E la vitamina D? La credenza che le creme solari impediscono la sintesi di vitamina D a livello cutaneo non deve scoraggiarne l’utilizzo. Le evidenze a sostegno di questa ipotesi sono infatti molto scarse e varie revisioni della letteratura scientifica hanno confermato che i livelli di vitamina D rimangono adeguati anche in chi fa uso frequente di creme ad ampio spettro. In ogni caso, il beneficio supera di gran lunga il rischio.

Infine, assolutamente bandite le lampade abbronzanti, classificate come “sicuramente cancerogene” dall’IARC (International Agency Research on Cancer), tanto è vero che da maggio 2011 sono vietate per legge ad alcune categorie di persone, tra cui donne in gravidanza, ragazzi con meno di 18 anni, pazienti oncologici o che hanno avuto un tumore in passato e soggetti con un fototipo a rischio (I e II). Fare una lampada significa esporsi a una quantità di raggi UVA 10-15 volte maggiore di quella che si otterrebbe sotto il sole di mezzogiorno e a una piccola ma comunque potenzialmente dannosa percentuale di raggi UVB, più pericolosi.

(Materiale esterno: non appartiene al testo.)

section \<open>Sums of squares and the likelihood-ratio test\<close>

lemma (in prob_space) distributed_sum_squares_normal:
  assumes "finite I" "I \<noteq> {}" "indep_vars (\<lambda>_. borel) Y I"
    and "\<And>j. j \<in> I \<Longrightarrow> distributed M lborel (Y j) (normal_density (c j) 1)"
  shows "distributed M lborel (\<lambda>\<omega>. \<Sum>j\<in>I. (Y j \<omega>)\<^sup>2)
           (\<lambda>x. ennreal (nc_chi2_density (card I) (\<Sum>j\<in>I. (c j)\<^sup>2) x))"
  using assms
proof (induction I rule: finite_ne_induct)
  case (singleton i)
  then show ?case
    using distributed_square_normal[of "Y i" "c i"] by simp
next
  case (insert i I)
  have "indep_vars (\<lambda>_. borel) (\<lambda>j \<omega>. (Y j \<omega>)\<^sup>2) (insert i I)"
    by (rule indep_vars_compose2[OF insert.prems(1)]) measurable
  from indep_vars_sum[OF insert.hyps(1,3) this]
  have "indep_var borel (\<lambda>\<omega>. (Y i \<omega>)\<^sup>2) borel (\<lambda>\<omega>. \<Sum>j\<in>I. (Y j \<omega>)\<^sup>2)"
    by simp
  moreover have "distributed M lborel (\<lambda>\<omega>. (Y i \<omega>)\<^sup>2) (\<lambda>x. ennreal (nc_chi2_density 1 ((c i)\<^sup>2) x))"
    using insert.prems by (intro distributed_square_normal) auto
  moreover have "distributed M lborel (\<lambda>\<omega>. \<Sum>j\<in>I. (Y j \<omega>)\<^sup>2)
      (\<lambda>x. ennreal (nc_chi2_density (card I) (\<Sum>j\<in>I. (c j)\<^sup>2) x))"
    using insert.prems by (intro insert.IH) (auto intro: indep_vars_subset)
  ultimately have "distributed M lborel (\<lambda>\<omega>. (Y i \<omega>)\<^sup>2 + (\<Sum>j\<in>I. (Y j \<omega>)\<^sup>2))
      (\<lambda>z. \<integral>\<^sup>+y. ennreal (nc_chi2_density 1 ((c i)\<^sup>2) (z - y))
                  * ennreal (nc_chi2_density (card I) (\<Sum>j\<in>I. (c j)\<^sup>2) y) \<partial>lborel)"
    by (rule distributed_convolution)
  moreover have "1 \<le> card I"
    using insert.hyps(1,2) by (simp add: Suc_le_eq card_gt_0_iff)
  ultimately show ?case
    using insert.hyps by (simp add: convolution_nc_chi2_density sum_nonneg)
qed

lemma (in prob_space) indep_vars_block_sums:
  fixes X :: "'i \<Rightarrow> 'a \<Rightarrow> real"
  assumes "indep_vars (\<lambda>_. borel) X I" "disjoint_family_on K J" "\<And>j. j \<in> J \<Longrightarrow> K j \<subseteq> I"
  shows "indep_vars (\<lambda>_. borel) (\<lambda>j \<omega>. \<Sum>i\<in>K j. X i \<omega>) J"
proof -
  have "indep_vars (\<lambda>_. borel) (\<lambda>j \<omega>. (\<lambda>g. \<Sum>i\<in>K j. g i) (restrict (\<lambda>i. X i \<omega>) (K j))) J"
    using indep_vars_restrict[OF assms(1) assms(3,2)] by (rule indep_vars_compose2) measurable
  then show ?thesis
    by (rule indep_vars_cong[THEN iffD1, rotated 3]) auto
qed

lemma (in prob_space) normal_distributed_standardize:
  assumes "distributed M lborel X (normal_density \<mu> \<sigma>)" "0 < \<sigma>"
  shows "distributed M lborel (\<lambda>\<omega>. (X \<omega> - z) / \<sigma>) (normal_density ((\<mu> - z) / \<sigma>) 1)"
  using normal_density_affine[OF assms, of "1 / \<sigma>" "- z / \<sigma>"] assms(2)
  by (simp add: diff_divide_distrib)

lemma (in prob_space) prob_le_distributed:
  fixes Z :: "'a \<Rightarrow> real"
  assumes "distributed M lborel Z (\<lambda>x. ennreal (f x))" "\<And>x. 0 \<le> f x"
  shows "measure M {\<omega> \<in> space M. Z \<omega> \<le> t} = (\<integral>y. indicator {..t} y * f y \<partial>lborel)"
proof -
  have [measurable]: "Z \<in> borel_measurable M"
    using distributed_measurable[OF assms(1)] by simp
  have "(\<integral>y. indicator {..t} y * f y \<partial>lborel) = (\<integral>\<omega>. indicator {..t} (Z \<omega>) \<partial>M)"
    using distributed_integral[OF assms(1), of "indicator {..t}"] assms(2)
    by (simp add: mult.commute)
  also have "\<dots> = (\<integral>\<omega>. indicator {\<omega> \<in> space M. Z \<omega> \<le> t} \<omega> \<partial>M)"
    by (intro Bochner_Integration.integral_cong) (auto split: split_indicator)
  also have "\<dots> = measure M {\<omega> \<in> space M. Z \<omega> \<le> t}"
    by (simp add: Int_absorb2)
  finally show ?thesis ..
qed

lemma square_standardized_sum_eq:
  fixes S :: real
  assumes "0 < n" "\<sigma> \<noteq> 0"
  shows "((S - n * z) / (sqrt n * \<sigma>))\<^sup>2
       = n * ((S / n - \<mu>)\<^sup>2 / \<sigma>\<^sup>2 + (z - \<mu>)\<^sup>2 / \<sigma>\<^sup>2 - 2 * ((S / n - \<mu>) * (z - \<mu>) / \<sigma>\<^sup>2))"
proof -
  have "S - n * z = n * (S / n - \<mu> - (z - \<mu>))"
    using assms by (simp add: algebra_simps)
  then have "((S - n * z) / (sqrt n * \<sigma>))\<^sup>2 = n * ((S / n - \<mu> - (z - \<mu>))\<^sup>2 / \<sigma>\<^sup>2)"
    using assms by (simp add: power_divide power_mult_distrib) (simp add: field_simps power2_eq_square)
  also have "\<dots> = n * ((S / n - \<mu>)\<^sup>2 / \<sigma>\<^sup>2 + (z - \<mu>)\<^sup>2 / \<sigma>\<^sup>2 - 2 * ((S / n - \<mu>) * (z - \<mu>) / \<sigma>\<^sup>2))"
    using power2_diff[of "S / n - \<mu>" "z - \<mu>"] by (simp only: diff_divide_distrib add_divide_distrib times_divide_eq_right mult.assoc)
  finally show ?thesis .
qed
lemma logLR_ge_iff:
  fixes x :: "nat \<Rightarrow> nat \<Rightarrow> nat \<Rightarrow> real"
  assumes n: "2 \<le> n" and sd: "\<And>j. j \<in> {1..d} \<Longrightarrow> 0 < sd j"
  shows "\<gamma> \<le> logLR n d mu sd zs x tau \<longleftrightarrow>
    (\<Sum>j=1..d. (((\<Sum>k=1..n. x tau k j) - real n * zs j) / (sqrt (real n) * sd j))\<^sup>2)
      \<le> real n * Rsq n d (mstar d mu sd zs) \<gamma>"
proof -
  define N where "N j = (\<Sum>k=1..n. x tau k j) / real n - mu j" for j
  define A where "A = (\<Sum>j=1..d. (N j)\<^sup>2 / (sd j)\<^sup>2)"
  define B where "B = (\<Sum>j=1..d. N j * (zs j - mu j) / (sd j)\<^sup>2)"
  define m where "m = mstar d mu sd zs"
  define L where "L = ln ((real n - 1) / real n)"
  have n_pos: "0 < real n"
    using n by auto
  have "(((\<Sum>k=1..n. x tau k j) - real n * zs j) / (sqrt (real n) * sd j))\<^sup>2
      = real n * ((N j)\<^sup>2 / (sd j)\<^sup>2 + (zs j - mu j)\<^sup>2 / (sd j)\<^sup>2 - 2 * (N j * (zs j - mu j) / (sd j)\<^sup>2))"
    if "j \<in> {1..d}" for j
    unfolding N_def using n_pos sd[OF that] by (intro square_standardized_sum_eq) auto
  then have "(\<Sum>j=1..d. (((\<Sum>k=1..n. x tau k j) - real n * zs j) / (sqrt (real n) * sd j))\<^sup>2)
      = (\<Sum>j=1..d. real n * ((N j)\<^sup>2 / (sd j)\<^sup>2 + (zs j - mu j)\<^sup>2 / (sd j)\<^sup>2
          - 2 * (N j * (zs j - mu j) / (sd j)\<^sup>2)))"
    by (rule sum.cong[OF refl])
  also have "\<dots> = real n * (A + m - 2 * B)"
    unfolding A_def B_def m_def mstar_def
    by (simp only: sum_distrib_left[symmetric] sum.distrib sum_subtractf)
  finally have squares: "(\<Sum>j=1..d. (((\<Sum>k=1..n. x tau k j) - real n * zs j) / (sqrt (real n) * sd j))\<^sup>2)
      = real n * (A + m - 2 * B)" .
  define s where "s = real n - 1"
  have s_pos: "0 < s" and n_eq: "real n = s + 1"
    using n by (auto simp: s_def)
  have llr: "logLR n d mu sd zs x tau
      = - real d / 2 * L - (s + 1) / (2 * s) * A + (s + 1) / s * B - m / (2 * s)"
    by (simp add: logLR_def Let_def A_def B_def m_def mstar_def N_def L_def s_def)
  have llr2: "2 * s * logLR n d mu sd zs x tau = - s * real d * L - (s + 1) * A + 2 * (s + 1) * B - m"
    unfolding llr using s_pos by (simp add: field_simps)
  have Rsq: "real n * Rsq n d m \<gamma> = 2 * s * (m / 2 - \<gamma> - real d / 2 * L)"
    using n_pos by (simp add: Rsq_def L_def s_def)
  have "\<gamma> \<le> logLR n d mu sd zs x tau \<longleftrightarrow> 2 * s * \<gamma> \<le> 2 * s * logLR n d mu sd zs x tau"
    using s_pos by simp
  then show ?thesis
    unfolding squares m_def[symmetric] Rsq llr2 by (simp add: n_eq algebra_simps)
qed

lemma (in prob_space) indep_vars_batch_sums:
  fixes X :: "nat \<Rightarrow> nat \<Rightarrow> nat \<Rightarrow> 'a \<Rightarrow> real"
  assumes indep: "indep_vars (\<lambda>_. borel) (\<lambda>(t, k, j). X t k j) ({1..T} \<times> {1..n} \<times> {1..d})"
    and tau: "tau \<in> {1..T}"
  shows "indep_vars (\<lambda>_. borel) (\<lambda>j \<omega>. \<Sum>k=1..n. X tau k j \<omega>) {1..d}"
proof -
  have "indep_vars (\<lambda>_. borel) (\<lambda>j \<omega>. \<Sum>i\<in>(\<lambda>k. (tau, k, j)) ` {1..n}. (\<lambda>(t, k, j). X t k j) i \<omega>) {1..d}"
    using tau by (intro indep_vars_block_sums[OF indep]) (auto simp: disjoint_family_on_def)
  then show ?thesis
    by (simp add: sum.reindex inj_on_def)
qed

lemma (in prob_space) normal_distributed_standardized_batch_sum:
  fixes X :: "nat \<Rightarrow> nat \<Rightarrow> nat \<Rightarrow> 'a \<Rightarrow> real"
  assumes indep: "indep_vars (\<lambda>_. borel) (\<lambda>(t, k, j). X t k j) ({1..T} \<times> {1..n} \<times> {1..d})"
    and "tau \<in> {1..T}" "j \<in> {1..d}" and n: "1 \<le> n" and \<sigma>: "0 < \<sigma>"
    and "\<And>k. k \<in> {1..n} \<Longrightarrow> distributed M lborel (X tau k j) (normal_density \<mu> \<sigma>)"
  shows "distributed M lborel (\<lambda>\<omega>. ((\<Sum>k=1..n. X tau k j \<omega>) - real n * z) / (sqrt (real n) * \<sigma>))
           (normal_density (sqrt (real n) * (\<mu> - z) / \<sigma>) 1)"
proof -
  have "indep_vars (\<lambda>_. borel) (\<lambda>k \<omega>. \<Sum>i\<in>{(tau, k, j)}. (\<lambda>(t, k, j). X t k j) i \<omega>) {1..n}"
    using assms by (intro indep_vars_block_sums[OF indep]) (auto simp: disjoint_family_on_def)
  then have "indep_vars (\<lambda>_. borel) (\<lambda>k. X tau k j) {1..n}"
    by simp
  from sum_indep_normal[OF _ _ this, where \<sigma>="\<lambda>_. \<sigma>" and \<mu>="\<lambda>_. \<mu>"]
  have "distributed M lborel (\<lambda>\<omega>. \<Sum>k=1..n. X tau k j \<omega>) (normal_density (real n * \<mu>) (sqrt (real n) * \<sigma>))"
    using assms by (simp add: real_sqrt_mult)
  from normal_distributed_standardize[OF this, of "real n * z"]
  have "distributed M lborel (\<lambda>\<omega>. ((\<Sum>k=1..n. X tau k j \<omega>) - real n * z) / (sqrt (real n) * \<sigma>))
      (normal_density ((real n * \<mu> - real n * z) / (sqrt (real n) * \<sigma>)) 1)"
    using n \<sigma> by simp
  moreover have "real n * \<mu> - real n * z = sqrt (real n) * (sqrt (real n) * (\<mu> - z))"
    by (metis mult.assoc right_diff_distrib real_sqrt_mult_self abs_of_nat)
  ultimately show ?thesis
    using n \<sigma> by simp
qed

theorem corollaryB6:
  fixes M :: "'a measure" and X :: "nat \<Rightarrow> nat \<Rightarrow> nat \<Rightarrow> 'a \<Rightarrow> real"
    and T n d tau :: nat and mu sd zs :: "nat \<Rightarrow> real" and \<gamma> :: real
  assumes "prob_space M"
    and "T \<ge> 1" and "n \<ge> 2" and "d \<ge> 1" and "tau \<in> {1..T}"
    and "\<And>j. j \<in> {1..d} \<Longrightarrow> sd j > 0"
    and "prob_space.indep_vars M (\<lambda>_. borel) (\<lambda>(t, k, j). X t k j) ({1..T} \<times> {1..n} \<times> {1..d})"
    and "\<And>t k j. t \<in> {1..T} \<Longrightarrow> k \<in> {1..n} \<Longrightarrow> j \<in> {1..d} \<Longrightarrow>
           distributed M lborel (X t k j) (normal_density (mu j) (sd j))"
    and "\<gamma> \<le> gamma_max n d (mstar d mu sd zs)"
  shows "measure M {\<omega> \<in> space M. logLR n d mu sd zs (\<lambda>t k j. X t k j \<omega>) tau \<ge> \<gamma>}
         = nc_chi2_cdf d (real n * mstar d mu sd zs)
             (real n * Rsq n d (mstar d mu sd zs) \<gamma>)"
proof -
  interpret prob_space M
    by fact
  define Y where "Y = (\<lambda>j \<omega>. ((\<Sum>k=1..n. X tau k j \<omega>) - real n * zs j) / (sqrt (real n) * sd j))"
  define c where "c j = sqrt (real n) * (mu j - zs j) / sd j" for j
  have "indep_vars (\<lambda>_. borel) Y {1..d}"
    using indep_vars_compose2[OF indep_vars_batch_sums[OF assms(7,5)],
        where Y="\<lambda>j s. (s - real n * zs j) / (sqrt (real n) * sd j)"]
    by (simp add: Y_def)
  moreover have "distributed M lborel (Y j) (normal_density (c j) 1)" if "j \<in> {1..d}" for j
    unfolding Y_def c_def using assms that
    by (intro normal_distributed_standardized_batch_sum[where T=T and d=d]) auto
  moreover have "(\<Sum>j=1..d. (c j)\<^sup>2) = real n * mstar d mu sd zs"
    using assms(3) by (simp add: c_def mstar_def power_divide power_mult_distrib power2_commute sum_distrib_left)
  ultimately have "distributed M lborel (\<lambda>\<omega>. \<Sum>j=1..d. (Y j \<omega>)\<^sup>2)
      (\<lambda>x. ennreal (nc_chi2_density d (real n * mstar d mu sd zs) x))"
    using distributed_sum_squares_normal[of "{1..d}" Y c] assms(4) by simp
  moreover have "{\<omega> \<in> space M. \<gamma> \<le> logLR n d mu sd zs (\<lambda>t k j. X t k j \<omega>) tau}
      = {\<omega> \<in> space M. (\<Sum>j=1..d. (Y j \<omega>)\<^sup>2) \<le> real n * Rsq n d (mstar d mu sd zs) \<gamma>}"
    using logLR_ge_iff[OF assms(3,6)] by (simp add: Y_def)
  moreover have "0 \<le> mstar d mu sd zs"
    by (simp add: mstar_def sum_nonneg)
  ultimately show ?thesis
    using assms(4) by (simp add: prob_le_distributed nc_chi2_density_nonneg nc_chi2_cdf_def)
qed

Qualcuno potrebbe obiettare che esistono delle terapie in dermatologia che utilizzano proprio la luce ultravioletta artificiale. È vero, ma sono trattamenti spesso locali e destinati a specifiche patologie, come alcune micosi o la psoriasi, un’infiammazione cronica della pelle, che sfruttano le proprietà anti-infiammatorie e antiproliferative dei raggi UV e che in ogni caso richiedono un attento controllo medico e le stesse protezioni che si adotterebbero durante l’esposizione al sole per piacere.

 

Salute della pelle: un ultimo consiglio

Oltre a un’adeguata protezione, la regola d’oro per una pelle in salute, e in particolare per la prevenzione del melanoma, si potrebbe riassumere in due azioni, una attiva e l’altra passiva:

  • guardarsi, cioè regalarsi qualche attimo per osservare attentamente il proprio corpo davanti a uno specchio, facendo attenzione anche alle zone più nascoste, come le aree dietro le orecchie, sotto le ascelle, tra le dita e sotto il seno per le donne e passando una spazzola tra i capelli per separarne le ciocche e controllare il cuoio capelluto;
  • farsi guardare: è importante non trascurare le visite dermatologiche. Si consiglia un controllo almeno una volta a partire dai 25 anni e idealmente a cadenza annuale o biennale, soprattutto se si sa di avere dei fattori di rischio per il melanoma (per esempio la presenza di molti nei sul corpo o casi di melanoma in famiglia). Oltre a una valutazione generale il dermatologo potrà anche effettuare una mappatura dei nei per tenere sotto controllo la loro evoluzione nel tempo, soprattutto grazie alle nuove tecniche diagnostiche come l’epiluminescenza, un metodo non invasivo che permette di analizzare anche gli strati profondi della cute e non solo la morfologia esterna di una lesione.

Come corollario ci sono sicuramente una dieta bilanciata, ricca di frutta e verdura, che con le loro vitamine rappresentano un’importante fonte di antiossidanti naturali, e una buona idratazione, sia dall’interno, attraverso un corretto apporto di acqua durante il giorno, sia dall’esterno, il che non significa lavarsi in continuazione, anzi! Un’esposizione troppo frequente all’acqua e a prodotti detergenti rischia di rovinare il delicato strato igroscopico della cute, che con i suoi sali e componenti organici contribuisce a trattenere l’acqua impedendone l’eccessiva traspirazione dall’interno, come una pellicola isolante. In questo senso le creme, con il loro contenuto di glicerina, urea, acido ialuronico e acidi grassi, possono aiutare a ricostituirlo. Se poi garantiscono anche una protezione solare, il beneficio sarà doppio, a svantaggio del fotoinvecchiamento. 

Il segreto per una pelle anziana ma in salute sta prima di tutto nel conoscerla e soprattutto nell’apprezzarne i cambiamenti, in tutti i sensi.